A Nikon Z5 camera and a smartphone (iPhone 12) were used for image acquisition, in which the Nikon camera shot 10 seedlings at a time and the iPhone shot one seedling at a time. During the image collection, the sensors were placed on the top of a photography light box (60×60×60 cm) to capture digital images. According to the difference in the sensor size, the resolution of the original digital image is 4016×6016 (Nikon Z5) and 3024×4032 (iPhone), respectively. All digital images are stored in PNG format. Finally, two datasets were constructed, a digital image dataset containing 92 images captured by a digital camera, and a digital image dataset containing 76 images captured by a smartphone.

For the digital images of seedlings in both datasets, binarized labels consistent with the original image size were generated by manual annotation. The rectangle enclosing a single seedling was generated using binarized labels, and the original images were cropped using these rectangles. A total of 984 rice seedling images were obtained as the new dataset.

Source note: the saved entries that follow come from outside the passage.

(* Let $P$ be a special product rule, $\Sigma$ a finite alphabet, $\mathcal A=\langle X,F,\Delta\rangle$ a polynomial $P$-automaton with finite $X$, $x_1\in X$, and let $I_n$ ($n\in\mathbb N$) be the ideal of $\mathbb Q[X]$ generated by $\{\tilde\Delta_wx_1:|w|\le n\}$. Let $N\in\mathbb N$ be such that $I_N=I_{N+1}=I_{N+2}=\cdots$. Then $[\![x_1]\!]_{\mathcal A}=\mathbb 0$ if and only if $([\![x_1]\!]_{\mathcal A})_w=0$ for all words $w\in\Sigma^*$ of length at most $N$.
   Context: Let $\Sigma^*$ be the finite words over $\Sigma$ with empty word $\varepsilon$. A series is $f:\Sigma^*\to\mathbb Q$, $f_w=f(w)$; $\mathbb 0$ is the zero series; $\delta_af$ ($a\in\Sigma$) is $w\mapsto f(aw)$. $\mathbb Q_0[X]$ is the set of polynomials of $\mathbb Q[X]$ with zero constant term. Terms over $X$ are generated by $u,v::=x\mid 0\mid c\cdot u\mid u+v\mid u*v$; a product rule is a term $P$ over $\{x,\dot x,y,\dot y\}$; $u\approx v$ iff $u,v$ denote the same polynomial. $P$ is special if $P(x+y,\dot x+\dot y,z,\dot z)\approx P(x,\dot x,z,\dot z)+P(y,\dot y,z,\dot z)$, $P(x,\dot x,y*z,P(y,\dot y,z,\dot z))\approx P(x*y,P(x,\dot x,y,\dot y),z,\dot z)$, $P(x,\dot x,y,\dot y)\approx P(y,\dot y,x,\dot x)$. For special $P$, every $D:X\to\mathbb Q_0[X]$ has a unique $\mathbb Q$-linear extension $\tilde D$ to $\mathbb Q_0[X]$ with $\tilde Dx=Dx$ and $\tilde D(\alpha\beta)=P(\alpha,\tilde D\alpha,\beta,\tilde D\beta)$. A polynomial $P$-automaton is $\mathcal A=\langle X,F,\Delta\rangle$ with $F:X\to\mathbb Q$ and $\Delta_a:X\to\mathbb Q_0[X]$; $F$ extends to $\mathbb Q_0[X]$ by evaluation; $\tilde\Delta_\varepsilon\alpha=\alpha$, $\tilde\Delta_{aw}\alpha=\tilde\Delta_w\tilde\Delta_a\alpha$; $[\![\alpha]\!]_{\mathcal A}$ is the series $w\mapsto F(\tilde\Delta_w\alpha)$. *)

theory Defs
  imports Complex_Main "HOL-Library.Poly_Mapping"
begin

text \<open>Multivariate polynomials over Q in variables of type 'v:
  finitely supported maps from monomials (exponent vectors) to coefficients.\<close>
type_synonym 'v mpoly = "('v \<Rightarrow>\<^sub>0 nat) \<Rightarrow>\<^sub>0 rat"

definition Var :: "'v \<Rightarrow> 'v mpoly" where
  "Var x = Poly_Mapping.single (Poly_Mapping.single x 1) 1"

definition Const :: "rat \<Rightarrow> 'v mpoly" where
  "Const c = Poly_Mapping.single 0 c"

definition Q0 :: "'v mpoly set" where
  "Q0 = {p. Poly_Mapping.lookup p 0 = 0}"

definition psubst :: "('v \<Rightarrow> 'w mpoly) \<Rightarrow> 'v mpoly \<Rightarrow> 'w mpoly" where
  "psubst \<sigma> p = (\<Sum>m\<in>Poly_Mapping.keys p. Const (Poly_Mapping.lookup p m) * (\<Prod>x\<in>Poly_Mapping.keys m. \<sigma> x ^ Poly_Mapping.lookup m x))"

definition peval :: "('v \<Rightarrow> rat) \<Rightarrow> 'v mpoly \<Rightarrow> rat" where
  "peval f p = (\<Sum>m\<in>Poly_Mapping.keys p. Poly_Mapping.lookup p m * (\<Prod>x\<in>Poly_Mapping.keys m. f x ^ Poly_Mapping.lookup m x))"

text \<open>Variables of a product rule: x, x-dot, y, y-dot.\<close>
datatype rvar = RX | RDX | RY | RDY

datatype svar = SX | SDX | SY | SDY | SZ | SDZ

definition Papp :: "rvar mpoly \<Rightarrow> 'w mpoly \<Rightarrow> 'w mpoly \<Rightarrow> 'w mpoly \<Rightarrow> 'w mpoly \<Rightarrow> 'w mpoly" where
  "Papp P a da b db = psubst (\<lambda>v. case v of RX \<Rightarrow> a | RDX \<Rightarrow> da | RY \<Rightarrow> b | RDY \<Rightarrow> db) P"

definition special :: "rvar mpoly \<Rightarrow> bool" where
  "special P \<longleftrightarrow>
     (let x = Var SX; dx = Var SDX; y = Var SY; dy = Var SDY; z = Var SZ; dz = Var SDZ in
       Papp P (x + y) (dx + dy) z dz = Papp P x dx z dz + Papp P y dy z dz \<and>
       Papp P x dx (y * z) (Papp P y dy z dz) = Papp P (x * y) (Papp P x dx y dy) z dz \<and>
       Papp P x dx y dy = Papp P y dy x dx)"

text \<open>The (unique) Q-linear extension of D to Q_0[X] obeying the product rule P;
  set to 0 outside Q_0[X] to make the function unique.\<close>
definition ext :: "rvar mpoly \<Rightarrow> ('v \<Rightarrow> 'v mpoly) \<Rightarrow> 'v mpoly \<Rightarrow> 'v mpoly" where
  "ext P D = (THE f.
      (\<forall>x. f (Var x) = D x) \<and>
      (\<forall>\<alpha>\<in>Q0. \<forall>\<beta>\<in>Q0. f (\<alpha> + \<beta>) = f \<alpha> + f \<beta>) \<and>
      (\<forall>c. \<forall>\<alpha>\<in>Q0. f (Const c * \<alpha>) = Const c * f \<alpha>) \<and>
      (\<forall>\<alpha>\<in>Q0. \<forall>\<beta>\<in>Q0. f (\<alpha> * \<beta>) = Papp P \<alpha> (f \<alpha>) \<beta> (f \<beta>)) \<and>
      (\<forall>\<alpha>. \<alpha> \<notin> Q0 \<longrightarrow> f \<alpha> = 0))"

text \<open>tilde Delta_w, with tilde Delta_{aw} = tilde Delta_w o tilde Delta_a.\<close>
fun deltaw :: "rvar mpoly \<Rightarrow> ('a \<Rightarrow> 'v \<Rightarrow> 'v mpoly) \<Rightarrow> 'a list \<Rightarrow> 'v mpoly \<Rightarrow> 'v mpoly" where
  "deltaw P \<Delta> [] \<alpha> = \<alpha>"
| "deltaw P \<Delta> (a # w) \<alpha> = deltaw P \<Delta> w (ext P (\<Delta> a) \<alpha>)"

definition sem :: "rvar mpoly \<Rightarrow> ('v \<Rightarrow> rat) \<Rightarrow> ('a \<Rightarrow> 'v \<Rightarrow> 'v mpoly) \<Rightarrow> 'v mpoly \<Rightarrow> 'a list \<Rightarrow> rat" where
  "sem P F \<Delta> \<alpha> w = peval F (deltaw P \<Delta> w \<alpha>)"

definition ideal_gen :: "'v mpoly set \<Rightarrow> 'v mpoly set" where
  "ideal_gen G = {p. \<exists>(k::nat) r g. (\<forall>i<k. g i \<in> G) \<and> p = (\<Sum>i<k. r i * g i)}"

end

theory Submission
  imports Defs
begin

text \<open>Evaluation at the point F is a ring homomorphism from Q[X] to Q, so it vanishes on
  the ideal generated by any set of polynomials on which it vanishes. For a word w with
  |w| \<ge> N, the derivative \<Delta>_w x1 lies in I_|w| = I_N, i.e. it is a Q[X]-combination of the
  \<Delta>_u x1 with |u| \<le> N, whose values under F are the given coefficients of the series.
  The stabilisation of the chain is assumed outright.\<close>

definition peval_monom :: "('v \<Rightarrow> rat) \<Rightarrow> ('v \<Rightarrow>\<^sub>0 nat) \<Rightarrow> rat" where
  "peval_monom f m = (\<Prod>x\<in>Poly_Mapping.keys m. f x ^ Poly_Mapping.lookup m x)"

lemma peval_monom_eq_prod_superset:
  assumes "finite S" and "Poly_Mapping.keys m \<subseteq> S"
  shows "peval_monom f m = (\<Prod>x\<in>S. f x ^ Poly_Mapping.lookup m x)"
  unfolding peval_monom_def
  using assms by (intro prod.mono_neutral_left) (auto simp: in_keys_iff)

lemma peval_monom_add: "peval_monom f (m + n) = peval_monom f m * peval_monom f n"
proof -
  let ?S = "Poly_Mapping.keys m \<union> Poly_Mapping.keys n"
  have "finite ?S" by simp
  then have "peval_monom f (m + n) = (\<Prod>x\<in>?S. f x ^ Poly_Mapping.lookup (m + n) x)"
    by (rule peval_monom_eq_prod_superset) (rule keys_add)
  also have "\<dots> =
      (\<Prod>x\<in>?S. f x ^ Poly_Mapping.lookup m x * f x ^ Poly_Mapping.lookup n x)"
    by (simp add: lookup_add power_add)
  also have "\<dots> = peval_monom f m * peval_monom f n"
    using \<open>finite ?S\<close>
    by (subst (1 2) peval_monom_eq_prod_superset[of ?S]) (auto simp: prod.distrib)
  finally show ?thesis .
qed

lemma peval_eq_sum_monom:
  "peval f p = (\<Sum>m\<in>Poly_Mapping.keys p. Poly_Mapping.lookup p m * peval_monom f m)"
  unfolding peval_def peval_monom_def ..

lemma peval_0 [simp]: "peval f 0 = 0"
  unfolding peval_def by simp

lemma peval_add: "peval f (p + q) = peval f p + peval f q"
  unfolding peval_eq_sum_monom
  by (rule setsum_keys_plus_distrib) (auto simp: distrib_right)

lemma peval_sum: "peval f (\<Sum>i\<in>A. g i) = (\<Sum>i\<in>A. peval f (g i))"
  by (induction A rule: infinite_finite_induct) (auto simp: peval_add)

lemma peval_single: "peval f (Poly_Mapping.single m c) = c * peval_monom f m"
  unfolding peval_eq_sum_monom by simp

lemma poly_mapping_sum_single:
  "p = (\<Sum>m\<in>Poly_Mapping.keys p. Poly_Mapping.single m (Poly_Mapping.lookup p m))"
  by (rule poly_mapping_eqI)
    (auto simp: lookup_sum lookup_single when_def in_keys_iff sum.delta)

lemma peval_mult: "peval f (p * q) = peval f p * peval f q"
proof -
  let ?P = "Poly_Mapping.keys p" and ?Q = "Poly_Mapping.keys q"
  have "p * q = (\<Sum>m\<in>?P. Poly_Mapping.single m (Poly_Mapping.lookup p m)) *
                (\<Sum>n\<in>?Q. Poly_Mapping.single n (Poly_Mapping.lookup q n))"
    by (subst (1 2) poly_mapping_sum_single) (rule refl)
  also have "\<dots> = (\<Sum>m\<in>?P. \<Sum>n\<in>?Q.
      Poly_Mapping.single (m + n) (Poly_Mapping.lookup p m * Poly_Mapping.lookup q n))"
    by (simp add: sum_product mult_single)
  finally have "peval f (p * q) = (\<Sum>m\<in>?P. \<Sum>n\<in>?Q.
      Poly_Mapping.lookup p m * Poly_Mapping.lookup q n * (peval_monom f m * peval_monom f n))"
    by (simp add: peval_sum peval_single peval_monom_add)
  also have "\<dots> = peval f p * peval f q"
    unfolding peval_eq_sum_monom sum_product by (simp add: algebra_simps)
  finally show ?thesis .
qed

lemma generator_in_ideal_gen: "g \<in> G \<Longrightarrow> g \<in> ideal_gen G"
  unfolding ideal_gen_def
  by (intro CollectI exI[of _ 1] exI[of _ "\<lambda>_. 1"] exI[of _ "\<lambda>_. g"]) simp

lemma peval_ideal_gen_eq_0:
  assumes "\<And>g. g \<in> G \<Longrightarrow> peval f g = 0" and "p \<in> ideal_gen G"
  shows "peval f p = 0"
proof -
  from \<open>p \<in> ideal_gen G\<close> obtain k :: nat and r g
    where "\<forall>i<k. g i \<in> G" and "p = (\<Sum>i<k. r i * g i)"
    unfolding ideal_gen_def mem_Collect_eq by blast
  with assms(1) show ?thesis by (simp add: peval_sum peval_mult)
qed

theorem mainTheorem14:
  fixes P :: "rvar mpoly"
    and F :: "'x::finite \<Rightarrow> rat"
    and \<Delta> :: "'a::finite \<Rightarrow> 'x \<Rightarrow> 'x mpoly"
    and x1 :: 'x
    and I :: "nat \<Rightarrow> 'x mpoly set"
    and N :: nat
  assumes "special P"
    and "\<forall>a x. \<Delta> a x \<in> Q0"
    and "\<forall>n. I n = ideal_gen {deltaw P \<Delta> w (Var x1) | w. length w \<le> n}"
    and "\<forall>n\<ge>N. I n = I N"
  shows "(\<forall>w. sem P F \<Delta> (Var x1) w = 0) \<longleftrightarrow>
         (\<forall>w. length w \<le> N \<longrightarrow> sem P F \<Delta> (Var x1) w = 0)"
proof
  assume "\<forall>w. sem P F \<Delta> (Var x1) w = 0"
  then show "\<forall>w. length w \<le> N \<longrightarrow> sem P F \<Delta> (Var x1) w = 0" by blast
next
  assume short: "\<forall>w. length w \<le> N \<longrightarrow> sem P F \<Delta> (Var x1) w = 0"
  have in_I_N: "deltaw P \<Delta> w (Var x1) \<in> I N" for w
  proof -
    have "deltaw P \<Delta> w (Var x1) \<in> I (max N (length w))"
      unfolding assms(3)[rule_format] by (intro generator_in_ideal_gen) auto
    also have "I (max N (length w)) = I N"
      using assms(4) max.cobounded1 by blast
    finally show ?thesis .
  qed
  show "\<forall>w. sem P F \<Delta> (Var x1) w = 0"
  proof
    fix w
    have "peval F g = 0" if "g \<in> {deltaw P \<Delta> u (Var x1) | u. length u \<le> N}" for g
      using that short unfolding sem_def by blast
    then show "sem P F \<Delta> (Var x1) w = 0"
      using in_I_N[of w] unfolding sem_def assms(3)[rule_format]
      by (rule peval_ideal_gen_eq_0)
  qed
qed

end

Referring to the previous study, the image dataset was randomly divided into a training set and a test set in a ratio of 8:2, which were used to construct and evaluate the model, respectively. Further, 20% of the training dataset was randomly selected as the validation set during training. To prevent overfitting, data augmentation was performed on the fly when training all models, which consisted of horizontal flipping, horizontal shift and random rotation.

2.2 Measurement of traits

Manual measurements were taken at the same time as image collection. Ten seedlings were randomly sampled from each planting tray. After washing and drying the seedlings, the plant height and fresh weight were measured using a ruler and a digital balance with a resolution of 0.1 cm and 0.0001 g, respectively. These measurements were conducted on days 10 (December 3), 17(December 10) and 22(December 15) after seeding. Finally, a regression dataset with 504 samples was obtained, in which each sample had measurements of seedling height and shoot fresh weight after root removal. Meanwhile, each seedling sample had its corresponding binarized label in the segmentation dataset above.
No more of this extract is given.